Publication Date

November 1, 1994

Perspectives Section

AHA Activities

December 1994 marks the 10th anniversary of the Joan Kelly Memorial Prize in Women’s History. Ten years is recent enough for many historians of women to remember how eagerly we sought the establishment of a prize sponsored by the American Historical Association not only to honor Joan Kelly but as a statement of the coming of age of the field of women’s history. Ten years is also far enough in the past for a new generation of historians to perceive both the prize and the field of women’s history as a fait accompli hardly worthy of celebration. After all, why draw special attention to an area of scholarship now so deeply embedded in every aspect of social, cultural, and even political history? Why do we have a prize named after Joan Kelly? Who was she and what does her spirit mean for us today?

Trained as a Renaissance historian at Columbia University and touched by the women’s movements of the late 1960s, Joan Kelly began to explore the field of women’s history in the early 1970s. In collaboration with Gerda Lerner, she set up the first M.A. degree program in women’s history in the United States at Sarah Lawrence College. The investigations on which she then embarked, Catharine Stimpson has noted, “altered the history of the Renaissance and shaped that of women.” Kelly introduced into a still nascent field the idea that seeing from the vantage point of women would enable historians to revision and reinterpret the past. She refused the distinction between public and private, becoming one of the first historians to insist on exploring linkages rather than disjunctures in the relations between men and women. She relied on an increasingly sophisticated and expansive theoretical apparatus (first Marxist, then feminist) to offer new interpretations of widely accepted aspects of historical change. Above all, Kelly’s work demonstrated how understanding the roots of consciousness and its power to effect social and political change could link the world of ideas to the active pursuit of social change to which she was passionately committed.

When Joan died in the summer of 1982, we missed her bold and inspiring stance—her sense that women’s history opened “an entire world of learning.” For Kelly, women’s history was an intellectual adventure.

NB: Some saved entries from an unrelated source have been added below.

(* Let $f:\mathbb{Z}^n\to\mathbb{R}\cup\{+\infty\}$ be M-convex with bounded $\operatorname{dom} f$, and $\emptyset\neq R\subsetneq N$. Let $k$ be an integer with $\underline{k}\le k\le\overline{k}-2$, let $x\in M(k)$, and let $i\in R$, $j\in N\setminus R$ minimize $f'(x;i,j)$ over $i\in R$, $j\in N\setminus R$. If $f'(x+\chi_i-\chi_j;i,j)=f'(x;i,j)$, then $f'(x+\chi_i-\chi_j;i,j)\le f'(x+\chi_i-\chi_j;h,\ell)$ for all $h\in R$, $\ell\in N\setminus R$, and $x+2\chi_i-2\chi_j\in M(k+2)$.
   Context: $N=\{1,\dots,n\}$; $\chi_i\in\{0,1\}^n$ is the $i$-th unit vector; $x(R)=\sum_{i\in R}x(i)$. For $f:\mathbb{Z}^n\to\mathbb{R}\cup\{+\infty\}$, $\operatorname{dom} f=\{x\in\mathbb{Z}^n: f(x)<+\infty\}$. $f$ is M-convex if $\operatorname{dom} f\neq\emptyset$ and for all $x,y\in\operatorname{dom} f$ and every $i$ with $x(i)>y(i)$ there is $j$ with $x(j)<y(j)$ such that $f(x)+f(y)\ge f(x-\chi_i+\chi_j)+f(y+\chi_i-\chi_j)$. $f'(x;i,j)=f(x+\chi_i-\chi_j)-f(x)$ (possibly $+\infty$). $\underline{k}=\min\{x(R):x\in\operatorname{dom} f\}$, $\overline{k}=\max\{x(R):x\in\operatorname{dom} f\}$; for $\underline{k}\le k\le\overline{k}$, $z(k)=\min\{f(x): x(R)=k,\ x\in\operatorname{dom} f\}$ and $M(k)=\{x\in\operatorname{dom} f: x(R)=k,\ f(x)=z(k)\}$. *)

theory Defs
  imports Complex_Main "HOL-Library.Extended_Real" "HOL-Library.Function_Algebras"
begin
(* Let $0<\beta<1$, $p=\lceil\beta^{-1}\rceil-1$, and let $G$ be a graph of order $n$ with minimum degree $(1-\beta)n$. Then for all integers $2\le t<s\le p+1$ and every $S\in\mathcal{K}_s$, $$\Phi_t^s(S)\ \ge\ (1-t\beta)\frac{s!}{t!}+\big(D_-(S)-(1-s\beta)\big)\frac{(s-2)!}{(t-2)!}.$$ In particular, for $2\le t\le p$, $$\sum_{S\in\mathcal{K}_{p+1}}\Phi_t^{p+1}(S)\ \ge\ \left((1-t\beta)\frac{(p+1)!}{t!}-(1-(p+1)\beta)\frac{(p-1)!}{(t-2)!}\right)k_{p+1}.$$
   Context: All graphs are finite and simple. For a graph $G$, $\mathcal{K}_t$ is the set of $t$-cliques (identified with vertex sets), $k_t=|\mathcal{K}_t|$, and $\mathcal{K}_t(S)$ is the set of $t$-cliques contained in a clique $S$. The degree $d(T)$ of a clique $T$ is the number of cliques with one more vertex containing $T$, and $D(T)=d(T)/n$. With $p=\lceil\beta^{-1}\rceil-1$, for $T\in\mathcal{K}_t$, $1\le t\le p+1$, $D_-(T)=\min\{D(T),(p-t+1)\beta\}$. For integers $2\le t\le s\le p+1$ define $\phi_t^s:\mathcal{K}_s\to\mathbb{R}$ recursively by $\phi_t^t(S)=D_-(S)$ and $\phi_t^s(S)=\sum_{U\in\mathcal{K}_{s-1}(S)}\phi_t^{s-1}(U)$ for $s>t$; set $\varphi_t^s=(1-t\beta)\frac{s!}{t!}+((p+1)\beta-1)\frac{(s-2)!}{(t-2)!}$ and $\Phi_t^s(S)=\min\{\phi_t^s(S),\varphi_t^s\}$. *)

theory Defs
  imports Main "HOL-Library.Discrete_Functions" Complex_Main
begin

definition simple_graph :: "'a set \<Rightarrow> ('a \<Rightarrow> 'a \<Rightarrow> bool) \<Rightarrow> bool" where
  "simple_graph V E \<longleftrightarrow> finite V \<and> (\<forall>u v. E u v \<longrightarrow> u \<in> V \<and> v \<in> V)
      \<and> (\<forall>u v. E u v \<longrightarrow> E v u) \<and> (\<forall>v. \<not> E v v)"

definition vdeg :: "'a set \<Rightarrow> ('a \<Rightarrow> 'a \<Rightarrow> bool) \<Rightarrow> 'a \<Rightarrow> nat" where
  "vdeg V E v = card {u \<in> V. E v u}"

definition min_degree :: "'a set \<Rightarrow> ('a \<Rightarrow> 'a \<Rightarrow> bool) \<Rightarrow> nat" where
  "min_degree V E = Min (vdeg V E ` V)"

definition is_clique :: "'a set \<Rightarrow> ('a \<Rightarrow> 'a \<Rightarrow> bool) \<Rightarrow> 'a set \<Rightarrow> bool" where
  "is_clique V E S \<longleftrightarrow> S \<subseteq> V \<and> (\<forall>u\<in>S. \<forall>v\<in>S. u \<noteq> v \<longrightarrow> E u v)"

definition cliques :: "'a set \<Rightarrow> ('a \<Rightarrow> 'a \<Rightarrow> bool) \<Rightarrow> nat \<Rightarrow> 'a set set" where
  "cliques V E t = {S. is_clique V E S \<and> finite S \<and> card S = t}"

definition cliques_in :: "'a set \<Rightarrow> ('a \<Rightarrow> 'a \<Rightarrow> bool) \<Rightarrow> nat \<Rightarrow> 'a set \<Rightarrow> 'a set set" where
  "cliques_in V E t S = {U \<in> cliques V E t. U \<subseteq> S}"

definition cdeg :: "'a set \<Rightarrow> ('a \<Rightarrow> 'a \<Rightarrow> bool) \<Rightarrow> 'a set \<Rightarrow> nat" where
  "cdeg V E T = card {U \<in> cliques V E (card T + 1). T \<subseteq> U}"

definition cD :: "'a set \<Rightarrow> ('a \<Rightarrow> 'a \<Rightarrow> bool) \<Rightarrow> 'a set \<Rightarrow> real" where
  "cD V E T = real (cdeg V E T) / real (card V)"

definition pp :: "real \<Rightarrow> nat" where
  "pp \<beta> = nat (\<lceil>1 / \<beta>\<rceil> - 1)"

definition Dminus :: "'a set \<Rightarrow> ('a \<Rightarrow> 'a \<Rightarrow> bool) \<Rightarrow> real \<Rightarrow> 'a set \<Rightarrow> real" where
  "Dminus V E \<beta> T = min (cD V E T) ((real (pp \<beta>) - real (card T) + 1) * \<beta>)"

text \<open>phi_aux k S = phi_t^{t+k}(S) for S a (t+k)-clique.\<close>
fun phi_aux :: "'a set \<Rightarrow> ('a \<Rightarrow> 'a \<Rightarrow> bool) \<Rightarrow> real \<Rightarrow> nat \<Rightarrow> nat \<Rightarrow> 'a set \<Rightarrow> real" where
  "phi_aux V E \<beta> t 0 S = Dminus V E \<beta> S"
| "phi_aux V E \<beta> t (Suc k) S =
     (\<Sum>U\<in>cliques_in V E (t + k) S. phi_aux V E \<beta> t k U)"

definition phi :: "'a set \<Rightarrow> ('a \<Rightarrow> 'a \<Rightarrow> bool) \<Rightarrow> real \<Rightarrow> nat \<Rightarrow> nat \<Rightarrow> 'a set \<Rightarrow> real" where
  "phi V E \<beta> t s S = phi_aux V E \<beta> t (s - t) S"

definition varphi :: "real \<Rightarrow> nat \<Rightarrow> nat \<Rightarrow> real" where
  "varphi \<beta> t s = (1 - real t * \<beta>) * (fact s / fact t)
      + ((real (pp \<beta>) + 1) * \<beta> - 1) * (fact (s - 2) / fact (t - 2))"

definition Phi :: "'a set \<Rightarrow> ('a \<Rightarrow> 'a \<Rightarrow> bool) \<Rightarrow> real \<Rightarrow> nat \<Rightarrow> nat \<Rightarrow> 'a set \<Rightarrow> real" where
  "Phi V E \<beta> t s S = min (phi V E \<beta> t s S) (varphi \<beta> t s)"

end

theory Submission
  imports Defs
begin

(* For a clique T let N(T) be its common neighbourhood, so that d(T) = |N(T)|.  The heart of
   the argument is a one-step inequality (Dminus_facet_sum): for an m-clique S with m >= 2,
       sum_{v in S} D_-(S - v) >= (m - 2) D_-(S) + 2 - m beta.
   It comes from a double count over the vertices of G (vertex_incidence_count, which yields
   facet_degree_sum_lower): for every K <= S this bounds sum_{v in S - K} D(S - v) from below.
   A purely arithmetic truncation lemma (sum_min_lower_bound), applied with K the set of
   facets whose degree exceeds the cap of D_-, turns these bounds into the inequality for D_-.

   Unfolding the recursion phi_t^{s+1}(S) = sum_{v in S} phi_t^s(S - v) and inducting on
   s - t then gives phi_t^s(S) >= phi_bound t s (D_-(S)) (phi_lower), where phi_bound is the
   right-hand side of the theorem; the cap varphi_t^s dominates the same bound because
   D_-(S) <= (p - s + 1) beta (Phi_lower).  For (p + 1)-cliques D_-(S) = 0, and summing over
   all of them gives the second claim. *)

section \<open>Arithmetic preliminaries\<close>

text \<open>The set \<open>K\<close> to use
  is that of the truncated terms.\<close>
lemma sum_min_lower_bound:
  fixes S :: "'b set" and x :: "'b \<Rightarrow> real"
  assumes fin: "finite S" and cS: "card S = m" and cge: "c \<ge> 1 - real m * \<beta>"
    and partial: "\<And>K. K \<subseteq> S \<Longrightarrow>
      (\<Sum>v\<in>S-K. x v) \<ge> 2 + (real (card (S-K)) - 2) * D - (real m + real (card K)) * \<beta>"
    and pointwise: "\<And>u. u \<in> S \<Longrightarrow> x u \<ge> 1 - (real m - 1) * \<beta>"
  shows "(\<Sum>v\<in>S. min (x v) (c + \<beta>)) \<ge> (real m - 2) * min D c + 2 - real m * \<beta>"
proof -
  define K where "K = {v\<in>S. c + \<beta> < x v}"
  have KS: "K \<subseteq> S" by (auto simp: K_def)
  have finK: "finite K" using fin KS finite_subset by blast
  define k where "k = card K"
  have km: "k \<le> m" using card_mono[OF fin KS] cS k_def by simp
  have cSK: "real (card (S - K)) = real m - real k"
    using card_Diff_subset[OF finK KS] km cS k_def by simp
  have split: "(\<Sum>v\<in>S. min (x v) (c + \<beta>)) = (\<Sum>v\<in>S-K. x v) + real k * (c + \<beta>)"
  proof -
    have "(\<Sum>v\<in>S. min (x v) (c + \<beta>))
        = (\<Sum>v\<in>S-K. min (x v) (c + \<beta>)) + (\<Sum>v\<in>K. min (x v) (c + \<beta>))"
      by (rule sum.subset_diff[OF KS fin])
    also have "(\<Sum>v\<in>S-K. min (x v) (c + \<beta>)) = (\<Sum>v\<in>S-K. x v)"
      by (intro sum.cong) (auto simp: K_def)
    also have "(\<Sum>v\<in>K. min (x v) (c + \<beta>)) = (\<Sum>v\<in>K. c + \<beta>)"
      by (intro sum.cong) (auto simp: K_def)
    finally show ?thesis by (simp add: k_def)
  qed
  have HK: "(\<Sum>v\<in>S-K. x v) \<ge> 2 + (real m - real k - 2) * D - (real m + real k) * \<beta>"
    using partial[OF KS] cSK k_def by simp
  have LK: "(\<Sum>v\<in>S-K. x v) \<ge> (real m - real k) * (1 - (real m - 1) * \<beta>)"
  proof -
    have "(\<Sum>v\<in>S-K. x v) \<ge> (\<Sum>v\<in>S-K. 1 - (real m - 1) * \<beta>)"
      by (intro sum_mono pointwise) auto
    thus ?thesis using cSK by simp
  qed
  show ?thesis
  proof (cases "D \<le> c")
    case True
    hence "real k * (c - D) \<ge> 0" by simp
    thus ?thesis using True split HK by (simp add: algebra_simps)
  next
    case False
    hence mc: "min D c = c" by simp
    consider "k + 2 \<le> m" | "k + 1 = m" | "k = m" using km by linarith
    then show ?thesis
    proof cases
      case 1
      hence "(real m - real k - 2) * (D - c) \<ge> 0" using False by simp
      thus ?thesis using split HK mc by (simp add: algebra_simps)
    next
      case 2
      hence m_eq: "real m = real k + 1" by linarith
      show ?thesis using split LK mc cge unfolding m_eq by (simp add: algebra_simps)
    next
      case 3
      thus ?thesis using split mc cge LK by (simp add: algebra_simps)
    qed
  qed
qed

In the preface to her posthumously published collection of essays, Women, History, and Theory, Kelly described the moment of engagement with women’s history as “a profoundly frightening feeling of all coherence gone, followed by restoration, if not of a new order, at least of a new direction.”

How would we continue to work in that spirit without her? A prize seemed like a perfect answer. The idea came from women who, like her, had opened up the field, and like her, had grown and renewed the profession as they learned together. The Coordinating Committee of Women in the Historical Profession, of which she was a founding member and in which she remained active, took the lead. With the enthusiastic support of the AHA Research Division and the Council, the idea became a reality. This was a prize that would recognize not only the emergence of a new field, but its continuing salience. This was a prize that would not only memorialize Joan Kelly, but, by drawing attention to the vitality and creativity of the changing and expanding field of women’s history, would continually remind us to engage with the past in our own ways.

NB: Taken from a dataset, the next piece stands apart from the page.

(* Consider the constant-resource type system, and assume the program is well-typed w.r.t. the signature $\Sigma$ in that system. Let $X\subseteq\mathrm{dom}(\Gamma)$. Suppose $\models E:\Gamma$, $E\vdash e\Downarrow v$, $\Sigma;\Gamma\vdash^{q}_{q'}e:A$ is derivable in the constant-resource type system, $\curlyvee(A\mid A,A)$ holds, and $\curlyvee(\Gamma(x)\mid\Gamma(x),\Gamma(x))$ holds for every $x\in\mathrm{dom}(\Gamma)\setminus X$. Then $e$ is constant resource w.r.t. $X$, i.e. $\mathrm{const}_X(e)$ holds (with respect to the base context $|\Gamma|$).
   Context: Base types: $T ::= \mathsf{unit}\mid\mathsf{bool}\mid\mathsf{int}\mid L(T)\mid T*T$. Values: $v ::= () \mid \mathsf{true}\mid\mathsf{false}\mid n\ (n\in\mathbb Z)\mid [v_1,\dots,v_n]\ (n\ge 0$, the empty list being $\mathsf{nil})\mid (v_1,v_2)$. Value typing $\models v:T$: $()$ has type $\mathsf{unit}$, booleans have type $\mathsf{bool}$, integers have type $\mathsf{int}$, $(v_1,v_2):T_1*T_2$ if $\models v_i:T_i$, and $[v_1,\dots,v_n]:L(T)$ if every $\models v_i:T$ (so $\mathsf{nil}$ has every list type). Expressions (let-normal form; $x,x_i$ are variables, $f$ function identifiers): $e ::= () \mid \mathsf{true}\mid \mathsf{false}\mid n\mid x\mid \mathrm{op}_\diamond(x_1,x_2)\mid \mathrm{app}(f,x)\mid \mathrm{if}(x,e_t,e_f)\mid \mathrm{let}(x,e_1,x.e_2)\mid \mathrm{pair}(x_1,x_2)\mid \mathrm{match}(x,(x_1,x_2).e)\mid \mathsf{nil}\mid \mathrm{cons}(x_1,x_2)\mid\mathrm{match}(x,e_1,(x_h,x_t).e_2)\mid\mathrm{share}(x,(x_1,x_2).e)$, with $\diamond\in\{+,-,*,\mathrm{div},\mathrm{mod},=,<>,<,>,\mathrm{and},\mathrm{or}\}$. A program fixes for each function identifier $f$ a body $e_f$ with a single parameter variable $y^f$. An environment $E$ is a finite map from variables to values. Cost semantics: fix arbitrary rational constants $K^{\mathrm{unit}},K^{\mathrm{bool}},K^{\mathrm{int}},K^{\mathrm{nil}},K^{\mathrm{var}},K^{\mathrm{op}},K^{\mathrm{app}},K^{\mathrm{let}},K^{\mathrm{cond}},K^{\mathrm{pair}},K^{\mathrm{matchP}},K^{\mathrm{cons}},K^{\mathrm{matchN}},K^{\mathrm{matchL}}$. The judgement $E\vdash^{q}_{q'} e\Downarrow v$ (all counters $q,q'$ occurring in derivations are in $\mathbb Q_{\ge0}$) is defined inductively: $E\vdash^{q+K^{c}}_{q}c\Downarrow c$ for constants $c\in\{(),\mathsf{true},\mathsf{false},n,\mathsf{nil}\}$ with the corresponding constant $K^{\mathrm{unit}},K^{\mathrm{bool}},K^{\mathrm{int}},K^{\mathrm{nil}}$; $E\vdash^{q+K^{\mathrm{var}}}_q x\Downarrow E(x)$ for $x\in\mathrm{dom}(E)$; $E\vdash^{q+K^{\mathrm{op}}}_q\mathrm{op}_\diamond(x_1,x_2)\Downarrow E(x_1)\diamond E(x_2)$; $E\vdash^{q+K^{\mathrm{pair}}}_q \mathrm{pair}(x_1,x_2)\Downarrow (E(x_1),E(x_2))$; $E\vdash^{q+K^{\mathrm{cons}}}_q\mathrm{cons}(x_h,x_t)\Downarrow[v_1,\dots,v_n]$ if $E(x_h)=v_1$ and $E(x_t)=[v_2,\dots,v_n]$; if $E[y^f\mapsto E(x)]\vdash^q_{q'}e_f\Downarrow v$ then $E\vdash^{q+K^{\mathrm{app}}}_{q'}\mathrm{app}(f,x)\Downarrow v$; if $E\vdash^{q-K^{\mathrm{let}}}_{q_1}e_1\Downarrow v_1$ and $E[x\mapsto v_1]\vdash^{q_1}_{q'}e_2\Downarrow v$ then $E\vdash^q_{q'}\mathrm{let}(x,e_1,x.e_2)\Downarrow v$; if $E(x)=\mathsf{true}$ and $E\vdash^{q-K^{\mathrm{cond}}}_{q'}e_t\Downarrow v$ (resp. $E(x)=\mathsf{false}$ and $E\vdash^{q-K^{\mathrm{cond}}}_{q'}e_f\Downarrow v$) then $E\vdash^q_{q'}\mathrm{if}(x,e_t,e_f)\Downarrow v$; if $E(x)=(v_1,v_2)$ and $E[x_1\mapsto v_1,x_2\mapsto v_2]\vdash^{q-K^{\mathrm{matchP}}}_{q'}e\Downarrow v$ then $E\vdash^q_{q'}\mathrm{match}(x,(x_1,x_2).e)\Downarrow v$; if $E(x)=\mathsf{nil}$ and $E\vdash^{q-K^{\mathrm{matchN}}}_{q'}e_1\Downarrow v$ then $E\vdash^q_{q'}\mathrm{match}(x,e_1,(x_h,x_t).e_2)\Downarrow v$; if $E(x)=[v_1,\dots,v_n]$ with $n\ge1$ and $E[x_h\mapsto v_1,x_t\mapsto[v_2,\dots,v_n]]\vdash^{q-K^{\mathrm{matchL}}}_{q'}e_2\Downarrow v$ then $E\vdash^q_{q'}\mathrm{match}(x,e_1,(x_h,x_t).e_2)\Downarrow v$; if $E(x)=v_1$ and $(E\setminus\{x\})[x_1\mapsto v_1,x_2\mapsto v_1]\vdash^q_{q'}e\Downarrow v$ then $E\vdash^q_{q'}\mathrm{share}(x,(x_1,x_2).e)\Downarrow v$. We write $E\vdash e\Downarrow v$ if $E\vdash^q_{q'}e\Downarrow v$ for some $q,q'$. Size equivalence of values $|v|\approx|u|$ is the least relation with: $|v|\approx|u|$ whenever $\models v:T$ and $\models u:T$ for some $T\in\{\mathsf{unit},\mathsf{bool},\mathsf{int}\}$; $|(v_1,v_2)|\approx|(u_1,u_2)|$ if $|v_i|\approx|u_i|$ for $i=1,2$; $|[v_1,\dots,v_n]|\approx|[u_1,\dots,u_m]|$ if $m=n$ and $|v_i|\approx|u_i|$ for all $i$. A base context $\Delta$ is a finite map from variables to base types; an environment $E$ is well-formed w.r.t. $\Delta$, written $\models E:\Delta$, if $\models E(x):\Delta(x)$ for all $x\in\mathrm{dom}(\Delta)$. For $X\subseteq\mathrm{dom}(\Delta)$ and well-formed $E_1,E_2$, $E_1\approx_X E_2$ means $|E_1(x)|\approx|E_2(x)|$ for all $x\in X$. An expression $e$ is constant resource w.r.t. $X\subseteq\mathrm{dom}(\Delta)$, written $\mathrm{const}_X(e)$, if for all $E_1,E_2$ with $\models E_i:\Delta$ and $E_1\approx_X E_2$: whenever $E_1\vdash^{p_1}_{p_1'}e\Downarrow v_1$ and $E_2\vdash^{p_2}_{p_2'}e\Downarrow v_2$, then $p_1-p_1'=p_2-p_2'$. Resource-annotated types: $A ::= \mathsf{unit}\mid\mathsf{bool}\mid\mathsf{int}\mid L^p(A)\mid A*A$ with $p\in\mathbb Q_{\ge0}$; $|A|$ denotes the base type obtained by erasing annotations. An annotated context $\Gamma$ is a finite map from variables to annotated types, $|\Gamma|$ its erasure; $\Gamma_1,\Gamma_2$ denotes the union of contexts with disjoint domains (contexts are unordered). $\models E:\Gamma$ means $\models E(x):|\Gamma(x)|$ for all $x\in\mathrm{dom}(\Gamma)$. Potential: $\Phi(v:A)=0$ for $A\in\{\mathsf{unit},\mathsf{bool},\mathsf{int}\}$; $\Phi((v_1,v_2):A_1*A_2)=\Phi(v_1:A_1)+\Phi(v_2:A_2)$; $\Phi([v_1,\dots,v_n]:L^p(A))=n\cdot p+\sum_{i=1}^n\Phi(v_i:A)$; $\Phi_E(\Gamma)=\sum_{x\in\mathrm{dom}(\Gamma)}\Phi(E(x):\Gamma(x))$. Sharing relation: $\curlyvee(A\mid A,A)$ for $A\in\{\mathsf{unit},\mathsf{bool},\mathsf{int}\}$; $\curlyvee(A*B\mid A_1*B_1,A_2*B_2)$ if $\curlyvee(A\mid A_1,A_2)$ and $\curlyvee(B\mid B_1,B_2)$; $\curlyvee(L^p(A)\mid L^{p_1}(A_1),L^{p_2}(A_2))$ if $\curlyvee(A\mid A_1,A_2)$ and $p=p_1+p_2$. A signature $\Sigma$ maps function identifiers to nonempty sets of annotated function types $A_1\xrightarrow{q/q'}A_2$ ($q,q'\in\mathbb Q_{\ge0}$). Typing judgements $\Sigma;\Gamma\vdash^{q}_{q'}e:A$ with $q,q'\in\mathbb Q_{\ge0}$ (every annotation in a rule instance must be a nonnegative rational). Syntax-directed rules: $\Sigma;\emptyset\vdash^{K^{\mathrm{unit}}}_0():\mathsf{unit}$; $\Sigma;\emptyset\vdash^{K^{\mathrm{bool}}}_0 b:\mathsf{bool}$; $\Sigma;\emptyset\vdash^{K^{\mathrm{int}}}_0 n:\mathsf{int}$; $\Sigma;\emptyset\vdash^{K^{\mathrm{nil}}}_0\mathsf{nil}:L^p(A)$; $\Sigma;x:A\vdash^{K^{\mathrm{var}}}_0x:A$; $\Sigma;x_1:\mathsf{bool},x_2:\mathsf{bool}\vdash^{K^{\mathrm{op}}}_0\mathrm{op}_\diamond(x_1,x_2):\mathsf{bool}$ for $\diamond\in\{\mathrm{and},\mathrm{or}\}$; $\Sigma;x_1:\mathsf{int},x_2:\mathsf{int}\vdash^{K^{\mathrm{op}}}_0\mathrm{op}_\diamond(x_1,x_2):\mathsf{bool}$ for comparisons and $:\mathsf{int}$ for $+,-,*,\mathrm{div},\mathrm{mod}$; if $A_1\xrightarrow{q/q'}A_2\in\Sigma(f)$ then $\Sigma;x:A_1\vdash^{q+K^{\mathrm{app}}}_{q'}\mathrm{app}(f,x):A_2$; from $\Sigma;\Gamma_1\vdash^{q-K^{\mathrm{let}}}_{q_1}e_1:A_1$ and $\Sigma;\Gamma_2,x:A_1\vdash^{q_1}_{q'}e_2:A_2$ infer $\Sigma;\Gamma_1,\Gamma_2\vdash^q_{q'}\mathrm{let}(x,e_1,x.e_2):A_2$; from $\Sigma;\Gamma\vdash^{q-K^{\mathrm{cond}}}_{q'}e_t:A$ and $\Sigma;\Gamma\vdash^{q-K^{\mathrm{cond}}}_{q'}e_f:A$ infer $\Sigma;\Gamma,x:\mathsf{bool}\vdash^q_{q'}\mathrm{if}(x,e_t,e_f):A$; $\Sigma;x_1:A_1,x_2:A_2\vdash^{K^{\mathrm{pair}}}_0\mathrm{pair}(x_1,x_2):A_1*A_2$; from $\Sigma;\Gamma,x_1:A_1,x_2:A_2\vdash^{q-K^{\mathrm{matchP}}}_{q'}e:A$ infer $\Sigma;\Gamma,x:A_1*A_2\vdash^q_{q'}\mathrm{match}(x,(x_1,x_2).e):A$; $\Sigma;x_h:A,x_t:L^p(A)\vdash^{p+K^{\mathrm{cons}}}_0\mathrm{cons}(x_h,x_t):L^p(A)$; from $\Sigma;\Gamma\vdash^{q-K^{\mathrm{matchN}}}_{q'}e_1:B$ and $\Sigma;\Gamma,x_h:A,x_t:L^p(A)\vdash^{q+p-K^{\mathrm{matchL}}}_{q'}e_2:B$ infer $\Sigma;\Gamma,x:L^p(A)\vdash^q_{q'}\mathrm{match}(x,e_1,(x_h,x_t).e_2):B$; from $\Sigma;\Gamma,x_1:A_1,x_2:A_2\vdash^q_{q'}e:B$ and $\curlyvee(A\mid A_1,A_2)$ infer $\Sigma;\Gamma,x:A\vdash^q_{q'}\mathrm{share}(x,(x_1,x_2).e):B$. Structural rules of the constant-resource system: (Relax) from $\Sigma;\Gamma\vdash^p_{p'}e:A$, $q\ge p$ and $q-p=q'-p'$ infer $\Sigma;\Gamma\vdash^q_{q'}e:A$; (Weakening) from $\Sigma;\Gamma\vdash^q_{q'}e:B$ and $\curlyvee(A\mid A,A)$ infer $\Sigma;\Gamma,x:A\vdash^q_{q'}e:B$. The program is well-typed w.r.t. $\Sigma$ in this system if for every $f$ and every $A_1\xrightarrow{q/q'}A_2\in\Sigma(f)$, $\Sigma;y^f:A_1\vdash^q_{q'}e_f:A_2$ is derivable. *)

theory Defs
  imports Complex_Main
begin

The winners of the Joan Kelly Prize include Rosalind Petchesky, Abortion and Woman’s Choice: The State, Sexuality, and the Conditions of Reproductive Freedom; Claire G. Moses, French Feminism in the Nineteenth Century; Gerda Lerner, The Creation of Patriarchy; Ruth Milkman, Gender at Work: The Dynamics of Job Segregation by Sex during World War II; Linda Gordon, Heroes of Their Own Lives: The Politics and History of Family Violence, 1880–1960; Joan Wallach Scott, Gender and the Politics of History; Mary H. Blewett, Women and Work: Class, Gender, and Protest in the New England Shoe Factory, 1780–1910; Laurel Thatcher Ulrich, A Midwife’s Tale: The Life of Martha Ballard Based on Her Diary, 1785–1812; Susan Glenn, Daughters of the Shtetl: Life and Labor in the Immigrant Generation; Victoria de Grazia, How Fascism Ruled Women: Italy, 1922–45; and Evelyn Brooks Higginbotham, Righteous Discontent: The Women’s Movement in the Black Baptist Church, 1880–1920. This distinguished list reflects the energy and creativity that continue to infuse the field of women’s history as it opens new terrain for exploration.

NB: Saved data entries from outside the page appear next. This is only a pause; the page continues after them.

text \<open>Applied to N_J, which fixes the positive vector S_0 because S_J0 = S_00, the bound
  gives |S_Jm| <= S_0m.\<close>

lemma simple_current_abs_le:
  assumes r: "rcft S z" and sc: "simple_current S z J"
  shows "cmod (S J m) \<le> cmod (S z m)"
proof -
  define M where "M i k = Re (fus S z J i k)" for i k
  have fus_eq: "fus S z J i k = of_real (M i k)" and M_nonneg: "0 \<le> M i k" for i k
    using rcft_fus_nat[OF r, of J i k] unfolding M_def by (auto elim!: Nats_cases)
  have "(\<Sum>k\<in>UNIV. M i k * Re (S z k)) = Re (S z i)" for i
  proof -
    have "(\<Sum>k\<in>UNIV. fus S z J i k * S k z) = S z i"
      using verlinde_eigenvector[OF r, of J i z] sc rcft_S0_nonzero[OF r, of z]
      by (simp add: simple_current_def rcft_sym[OF r, of i z])
    then have "Re (\<Sum>k\<in>UNIV. of_real (M i k) * S z k) = Re (S z i)"
      by (simp add: fus_eq rcft_sym[OF r, of _ z])
    then show ?thesis by (simp add: Re_sum)
  qed
  moreover have "(\<Sum>k\<in>UNIV. of_real (M i k) * S k m) = S J m / S z m * S i m" for i
    using verlinde_eigenvector[OF r, of J i m] by (simp add: fus_eq)
  moreover obtain k0 where "S k0 m \<noteq> 0"
  proof (rule ccontr)
    assume "\<not> thesis"
    then have "S k m = 0" for k using that by blast
    then have "(\<Sum>k\<in>UNIV. S k m * cnj (S k m)) = 0" by simp
    then show False using rcft_cols_orthonormal[OF r, of m m] by simp
  qed
  ultimately have "cmod (S J m / S z m) \<le> 1"
    by (rule nonneg_matrix_eigenvalue_bound[where w = "\<lambda>k. S k m",
          OF M_nonneg rcft_S0_pos[OF r]])
  then show ?thesis using rcft_S0_nonzero[OF r, of m] by (simp add: norm_divide divide_le_eq)
qed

As we enter the second decade of the Joan Kelly Memorial Prize we can expect that its recipients will pay increasing attention to issues Joan Kelly could only have anticipated. The complex field of women’s history now involves the use of such generative categories as gender theory, global feminism, and alternative narratives. In these and other uncharted arenas lie the connecting links between the traditional work we admire and a new enterprise that expands the boundaries of the entire discipline. To honor this effort, to continue to offer a prize commensurate with the important ideas it rewards, requires that the fund be regularly replenished. Like all endowed funds, this one has suffered from a decline in interest rates. Supporting it now recommits us all to an active search for new ways of understanding our past.

Alice Kessler-Harris teaches history and is director of the Women Studies Program at Rutgers University. Amy Swerdlow taught history at Sarah Lawrence University until her retirement in January.